Retype word for word the lines of the data below, from the first to the one bearing "(p @ [v]) \<subseteq>", with that one included.

(Collected data)
━━━━━━
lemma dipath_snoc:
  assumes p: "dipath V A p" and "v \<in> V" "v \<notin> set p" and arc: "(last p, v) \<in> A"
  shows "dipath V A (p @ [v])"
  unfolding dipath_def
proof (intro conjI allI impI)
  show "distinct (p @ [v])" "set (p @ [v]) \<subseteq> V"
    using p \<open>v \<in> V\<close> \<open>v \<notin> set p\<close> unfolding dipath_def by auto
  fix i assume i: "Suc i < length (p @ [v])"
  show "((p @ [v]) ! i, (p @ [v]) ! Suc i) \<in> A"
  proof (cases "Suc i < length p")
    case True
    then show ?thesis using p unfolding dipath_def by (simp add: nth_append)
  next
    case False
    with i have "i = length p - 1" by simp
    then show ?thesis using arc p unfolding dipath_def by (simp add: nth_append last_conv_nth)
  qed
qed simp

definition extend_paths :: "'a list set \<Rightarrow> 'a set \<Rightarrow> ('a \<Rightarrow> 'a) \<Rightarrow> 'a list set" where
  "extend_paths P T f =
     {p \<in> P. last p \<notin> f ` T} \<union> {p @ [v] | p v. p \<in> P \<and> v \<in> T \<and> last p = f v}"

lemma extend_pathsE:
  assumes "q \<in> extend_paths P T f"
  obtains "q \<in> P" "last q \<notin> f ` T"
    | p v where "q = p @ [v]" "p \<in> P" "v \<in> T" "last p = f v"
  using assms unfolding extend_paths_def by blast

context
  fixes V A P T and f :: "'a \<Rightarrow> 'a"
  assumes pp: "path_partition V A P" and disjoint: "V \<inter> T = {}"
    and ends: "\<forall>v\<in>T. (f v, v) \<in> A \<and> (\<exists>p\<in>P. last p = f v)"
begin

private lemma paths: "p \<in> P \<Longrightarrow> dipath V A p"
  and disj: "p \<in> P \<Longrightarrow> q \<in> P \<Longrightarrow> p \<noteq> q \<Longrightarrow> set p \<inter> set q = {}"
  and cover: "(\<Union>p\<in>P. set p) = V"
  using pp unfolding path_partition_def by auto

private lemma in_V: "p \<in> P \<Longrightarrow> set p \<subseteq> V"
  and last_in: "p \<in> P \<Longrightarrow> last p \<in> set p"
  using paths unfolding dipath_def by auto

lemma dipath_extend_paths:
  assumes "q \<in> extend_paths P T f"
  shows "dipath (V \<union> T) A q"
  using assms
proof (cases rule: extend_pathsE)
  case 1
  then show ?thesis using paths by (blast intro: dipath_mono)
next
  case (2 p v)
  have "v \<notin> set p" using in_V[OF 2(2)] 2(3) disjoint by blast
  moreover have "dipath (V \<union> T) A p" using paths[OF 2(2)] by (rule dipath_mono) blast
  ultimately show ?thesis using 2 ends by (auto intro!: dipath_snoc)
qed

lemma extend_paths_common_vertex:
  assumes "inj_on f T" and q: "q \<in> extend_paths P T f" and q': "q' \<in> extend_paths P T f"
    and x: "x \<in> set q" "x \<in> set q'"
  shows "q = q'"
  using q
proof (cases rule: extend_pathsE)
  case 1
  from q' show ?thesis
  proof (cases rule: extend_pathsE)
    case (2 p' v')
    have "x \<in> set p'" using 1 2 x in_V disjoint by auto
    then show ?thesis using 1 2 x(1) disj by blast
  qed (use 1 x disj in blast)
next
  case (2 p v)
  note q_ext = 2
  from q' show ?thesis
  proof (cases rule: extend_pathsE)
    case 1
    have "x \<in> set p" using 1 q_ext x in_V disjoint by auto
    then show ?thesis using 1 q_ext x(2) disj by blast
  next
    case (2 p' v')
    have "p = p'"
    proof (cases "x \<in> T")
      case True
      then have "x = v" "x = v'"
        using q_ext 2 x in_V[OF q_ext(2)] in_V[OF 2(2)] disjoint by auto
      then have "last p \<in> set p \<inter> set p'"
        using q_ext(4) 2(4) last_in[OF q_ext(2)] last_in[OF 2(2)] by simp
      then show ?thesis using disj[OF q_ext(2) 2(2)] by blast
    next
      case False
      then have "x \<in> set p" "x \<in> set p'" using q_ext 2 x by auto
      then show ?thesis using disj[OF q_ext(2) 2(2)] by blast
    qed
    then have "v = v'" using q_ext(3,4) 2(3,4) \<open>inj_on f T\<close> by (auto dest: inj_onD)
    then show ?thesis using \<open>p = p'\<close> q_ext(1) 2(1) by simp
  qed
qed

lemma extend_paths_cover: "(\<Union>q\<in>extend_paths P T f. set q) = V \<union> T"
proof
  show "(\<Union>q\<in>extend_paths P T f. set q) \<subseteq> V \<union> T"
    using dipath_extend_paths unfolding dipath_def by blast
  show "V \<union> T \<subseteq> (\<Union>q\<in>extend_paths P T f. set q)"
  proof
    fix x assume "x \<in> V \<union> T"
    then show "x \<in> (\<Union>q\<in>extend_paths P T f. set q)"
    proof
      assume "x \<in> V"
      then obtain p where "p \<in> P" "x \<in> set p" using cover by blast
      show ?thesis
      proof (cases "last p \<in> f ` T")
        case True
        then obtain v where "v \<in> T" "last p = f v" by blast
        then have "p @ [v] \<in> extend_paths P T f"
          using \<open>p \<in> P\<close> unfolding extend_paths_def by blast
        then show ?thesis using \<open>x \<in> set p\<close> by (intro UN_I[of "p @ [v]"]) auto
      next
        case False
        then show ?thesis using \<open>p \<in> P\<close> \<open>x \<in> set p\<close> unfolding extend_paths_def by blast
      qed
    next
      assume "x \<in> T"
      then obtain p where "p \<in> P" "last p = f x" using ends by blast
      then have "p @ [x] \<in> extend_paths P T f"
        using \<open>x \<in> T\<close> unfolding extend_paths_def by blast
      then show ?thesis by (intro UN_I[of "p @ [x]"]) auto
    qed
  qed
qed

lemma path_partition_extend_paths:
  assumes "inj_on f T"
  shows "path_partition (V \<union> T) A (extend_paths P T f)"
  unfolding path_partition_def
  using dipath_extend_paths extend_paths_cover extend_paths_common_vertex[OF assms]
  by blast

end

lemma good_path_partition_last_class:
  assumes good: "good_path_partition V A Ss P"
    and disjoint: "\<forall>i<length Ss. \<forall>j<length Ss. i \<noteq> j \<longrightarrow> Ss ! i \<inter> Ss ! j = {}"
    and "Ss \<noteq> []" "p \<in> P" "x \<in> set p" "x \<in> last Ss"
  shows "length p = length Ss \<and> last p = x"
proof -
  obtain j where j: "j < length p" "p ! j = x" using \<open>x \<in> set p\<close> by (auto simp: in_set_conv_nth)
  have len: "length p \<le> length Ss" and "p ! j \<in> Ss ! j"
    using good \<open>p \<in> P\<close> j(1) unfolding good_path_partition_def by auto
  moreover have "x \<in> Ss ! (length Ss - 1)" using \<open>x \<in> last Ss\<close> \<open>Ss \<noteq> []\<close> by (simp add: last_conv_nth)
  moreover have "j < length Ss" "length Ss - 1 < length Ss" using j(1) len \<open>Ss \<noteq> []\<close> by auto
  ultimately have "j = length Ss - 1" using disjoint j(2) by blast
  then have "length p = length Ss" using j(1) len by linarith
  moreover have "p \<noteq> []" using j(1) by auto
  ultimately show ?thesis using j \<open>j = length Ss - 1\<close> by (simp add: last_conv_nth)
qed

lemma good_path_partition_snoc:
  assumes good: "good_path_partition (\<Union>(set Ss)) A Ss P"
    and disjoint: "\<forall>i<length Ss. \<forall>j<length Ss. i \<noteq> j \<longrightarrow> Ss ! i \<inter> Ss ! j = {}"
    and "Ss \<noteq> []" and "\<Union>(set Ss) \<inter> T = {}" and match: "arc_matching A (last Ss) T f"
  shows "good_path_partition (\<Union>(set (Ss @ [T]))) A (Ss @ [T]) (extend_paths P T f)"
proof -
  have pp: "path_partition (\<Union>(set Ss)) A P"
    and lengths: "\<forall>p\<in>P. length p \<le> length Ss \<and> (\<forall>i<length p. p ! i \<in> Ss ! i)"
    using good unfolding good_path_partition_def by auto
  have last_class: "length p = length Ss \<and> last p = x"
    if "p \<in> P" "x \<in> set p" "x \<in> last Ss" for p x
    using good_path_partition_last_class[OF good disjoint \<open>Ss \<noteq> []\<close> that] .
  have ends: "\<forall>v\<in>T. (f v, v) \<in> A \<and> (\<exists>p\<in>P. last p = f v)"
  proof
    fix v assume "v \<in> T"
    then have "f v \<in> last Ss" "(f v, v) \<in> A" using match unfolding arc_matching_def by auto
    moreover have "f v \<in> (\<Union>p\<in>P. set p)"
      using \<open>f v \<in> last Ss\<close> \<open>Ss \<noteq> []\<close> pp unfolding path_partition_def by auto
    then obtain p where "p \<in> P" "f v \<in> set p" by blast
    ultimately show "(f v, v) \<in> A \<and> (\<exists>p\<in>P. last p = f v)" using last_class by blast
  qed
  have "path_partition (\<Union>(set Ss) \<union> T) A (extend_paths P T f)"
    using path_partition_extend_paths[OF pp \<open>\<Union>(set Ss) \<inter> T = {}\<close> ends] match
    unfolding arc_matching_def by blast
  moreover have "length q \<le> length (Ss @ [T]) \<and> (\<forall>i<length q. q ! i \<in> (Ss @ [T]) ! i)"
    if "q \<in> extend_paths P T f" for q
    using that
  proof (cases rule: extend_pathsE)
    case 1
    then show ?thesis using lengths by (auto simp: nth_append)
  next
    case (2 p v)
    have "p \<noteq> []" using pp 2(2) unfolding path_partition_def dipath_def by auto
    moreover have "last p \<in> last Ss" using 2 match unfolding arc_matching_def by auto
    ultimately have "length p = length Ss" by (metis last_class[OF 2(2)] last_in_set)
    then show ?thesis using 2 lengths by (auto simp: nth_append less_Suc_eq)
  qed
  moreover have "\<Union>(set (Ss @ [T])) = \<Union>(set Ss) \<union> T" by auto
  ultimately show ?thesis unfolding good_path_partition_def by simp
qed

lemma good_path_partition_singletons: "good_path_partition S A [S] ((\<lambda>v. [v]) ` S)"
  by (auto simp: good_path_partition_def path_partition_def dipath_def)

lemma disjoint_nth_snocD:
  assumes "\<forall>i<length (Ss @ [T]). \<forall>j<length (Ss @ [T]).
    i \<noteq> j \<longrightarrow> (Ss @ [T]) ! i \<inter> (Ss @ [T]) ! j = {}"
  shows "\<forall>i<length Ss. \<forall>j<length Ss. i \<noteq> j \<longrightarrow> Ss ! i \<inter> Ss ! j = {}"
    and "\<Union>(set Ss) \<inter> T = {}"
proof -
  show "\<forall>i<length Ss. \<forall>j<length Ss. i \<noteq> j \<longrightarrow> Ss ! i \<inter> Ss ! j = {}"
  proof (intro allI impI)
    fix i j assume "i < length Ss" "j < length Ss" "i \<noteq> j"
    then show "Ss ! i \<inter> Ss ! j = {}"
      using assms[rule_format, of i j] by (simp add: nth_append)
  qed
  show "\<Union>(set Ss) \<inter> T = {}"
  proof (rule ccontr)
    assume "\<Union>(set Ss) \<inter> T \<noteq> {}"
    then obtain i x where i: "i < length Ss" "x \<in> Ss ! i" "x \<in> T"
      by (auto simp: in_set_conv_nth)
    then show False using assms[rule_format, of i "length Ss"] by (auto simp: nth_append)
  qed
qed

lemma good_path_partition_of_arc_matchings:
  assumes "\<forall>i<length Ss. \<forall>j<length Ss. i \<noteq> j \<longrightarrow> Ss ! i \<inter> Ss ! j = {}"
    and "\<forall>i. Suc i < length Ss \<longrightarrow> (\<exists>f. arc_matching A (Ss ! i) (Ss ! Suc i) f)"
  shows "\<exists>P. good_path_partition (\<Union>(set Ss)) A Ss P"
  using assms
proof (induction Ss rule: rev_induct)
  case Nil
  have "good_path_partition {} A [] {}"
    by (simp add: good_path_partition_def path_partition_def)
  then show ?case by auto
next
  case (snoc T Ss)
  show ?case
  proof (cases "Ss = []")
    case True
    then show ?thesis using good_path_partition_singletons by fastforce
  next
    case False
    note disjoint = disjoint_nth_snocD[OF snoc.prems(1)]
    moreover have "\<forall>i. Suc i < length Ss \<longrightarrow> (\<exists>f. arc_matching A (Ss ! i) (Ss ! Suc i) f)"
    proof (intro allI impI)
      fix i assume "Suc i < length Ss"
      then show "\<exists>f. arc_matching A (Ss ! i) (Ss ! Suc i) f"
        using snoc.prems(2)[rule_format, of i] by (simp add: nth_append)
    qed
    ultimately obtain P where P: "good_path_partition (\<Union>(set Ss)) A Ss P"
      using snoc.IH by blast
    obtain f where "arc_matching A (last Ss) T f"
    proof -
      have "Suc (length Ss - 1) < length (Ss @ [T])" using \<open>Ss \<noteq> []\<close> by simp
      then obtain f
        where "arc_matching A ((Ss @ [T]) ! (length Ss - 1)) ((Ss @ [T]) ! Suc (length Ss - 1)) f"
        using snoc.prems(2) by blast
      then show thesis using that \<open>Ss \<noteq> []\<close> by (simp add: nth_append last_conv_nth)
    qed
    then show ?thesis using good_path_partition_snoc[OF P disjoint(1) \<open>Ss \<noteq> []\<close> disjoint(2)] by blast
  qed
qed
━━━━━━
- _Answer section_:
lemma dipath_snoc:
  assumes p: "dipath V A p" and "v \<in> V" "v \<notin> set p" and arc: "(last p, v) \<in> A"
  shows "dipath V A (p @ [v])"
  unfolding dipath_def
proof (intro conjI allI impI)
  show "distinct (p @ [v])" "set (p @ [v]) \<subseteq> V"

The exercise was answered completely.